Students ‘Blast Off Into Learning’

Romina Gomez, age 5, watches her father try to hula-hoop at the 10th annual Family Literacy and Math Conference Saturday at Sneaky Park. Gomez was one of several students ranging from preschool to eighth grade invited to join the event sponsored by the College of Education. The goal of the conference was to give parents ideas to help their children succeed. The conference included activity booths for the children. / photo by Celene Vargas
Romina Gomez, age 5, watches her father try to hula-hoop at the 10th annual Family Literacy and Math Conference Saturday at Sneaky Park. Gomez was one of several students ranging from preschool to eighth grade invited to join the event sponsored by the College of Education. The goal of the conference was to give parents ideas to help their children succeed. The conference included activity booths for the children. / photo by Celene Vargas

Emily Lau
Metro Editor

Elementary school students and their families explored different fun activities in literacy, math and movement at the 10th annual “Blast Off Into Learning” Family Literacy and Math Conference Saturday morning at Sneaky Park.

More than 750 people attended the conference and discovered how to connect information taught at school and life at home.

The conference also provided parents with child activity ideas.

“(The event) has grown over the years and at first it was just literacy, but now we’ve added math to it,” said Andy Steck, assistant professor of education.

“We would like to eventually add science into it. We’ve done some movement sections as well this year; that’s the main difference.”

After they signed in and received free children books, families selected from more than 30 presentations about literacy, math and movement and learning to attend, including five in Spanish.

Presentations covered a variety of topics, including storytelling, basic algebra functions and physical exercise and they were presented by more than 100 ULV faculty, students and volunteers from community organizations like Bright Prospect at various locations on campus.

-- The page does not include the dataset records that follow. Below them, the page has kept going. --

theorem lemma3p6:
  fixes \<alpha> \<beta> :: real and g gx gy :: "real \<times> real \<Rightarrow> real"
  assumes "0 < \<alpha>" "\<alpha> < 1/2" "0 < \<beta>" "\<beta> < 1/2"
    and "Cb1 g gx gy"
  shows "(AE p in lborel. p \<in> MM \<longrightarrow>
            has_lyap_spectrum (Bg \<alpha> \<beta> g) (DBg \<alpha> \<beta> gx gy) p {#ln 2, ln 2, ln \<alpha>, ln \<beta>#})
       \<and> (AE p in mu_g \<alpha> \<beta> g.
            has_lyap_spectrum (Bg \<alpha> \<beta> g) (DBg \<alpha> \<beta> gx gy) p {#ln 2, ln 2, ln \<alpha>, ln \<beta>#})"
proof -
  have spectrum: "has_lyap_spectrum (Bg \<alpha> \<beta> g) (DBg \<alpha> \<beta> gx gy) p {#ln 2, ln 2, ln \<alpha>, ln \<beta>#}"
    if "fst (fst p) \<in> {0..<1} - dyadics" for p :: pt
    using assms that Bmap_iter_in_intM[where x="fst (fst p)" and y="snd (fst p)"]
    by (intro has_lyap_spectrum_Bg) auto
  have "AE p in lborel. p \<in> MM \<longrightarrow> fst (fst p) \<in> {0..<1} - dyadics"
    using AE_lborel_fst_fst_notin[OF dyadics_null] by (rule eventually_mono) (auto simp: MM_def)
  moreover have "AE p in mu_g \<alpha> \<beta> g. fst (fst p) \<in> {0..<1} - dyadics"
    by (rule AE_mu_g_fst_fst[OF dyadics_null])
  ultimately show ?thesis
    by (intro conjI; elim eventually_mono) (use spectrum in blast)+
qed

end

Presenters organized their activities to cater to children of all grades, ranging from preschool to eighth grade, which helped parents choose which presentations to attend according to their children’s ages.

Some activities also allowed parents to participate with their children to emphasize that they were not just restricted to younger people.

“I wanted my kids to learn something new and to entertain themselves,” parent and Pomona resident Guadalupe Robles said. “Sometimes we just need them to explore.”

Children enjoyed arts and crafts that were offered in the park after the presentations and a Yoobi truck let children experiment with its school supplies and stationaries.

Eleven children’s book authors (Grammy Lyn, Lee Wardlaw, Steve Gray, Torrey Mahall, Kristen Kittscher, Shannon Messenger, James Mihaley, Eric DelaBarre, Stacia Deutsch, Derek Taylor Kent and Elana Arnold) attended the conference and held presentations to talk with families about their books.

Families then enjoyed a free boxed lunch and book fair sponsored by Barnes and Noble. The authors were present to interact with the guests and sign books.

The conference concluded with laser shows in Morgan Auditorium.

The Math and Literacy Conference started 10 years ago by Professor of Education Marga Madhuri and Professor of Education Cindy Cary, who both teamed up to work on an educational project.

Madhuri observed students from both low-income and high-income schools and was stunned by the difference between the two and the lack of resources that low-income students had.

“The kids from poorer schools did not have access to the same books and crafts and activities that kids from wealthier families had,” Madhuri said. “I thought we really needed to support them, especially families from poor areas, with more things to do at home.”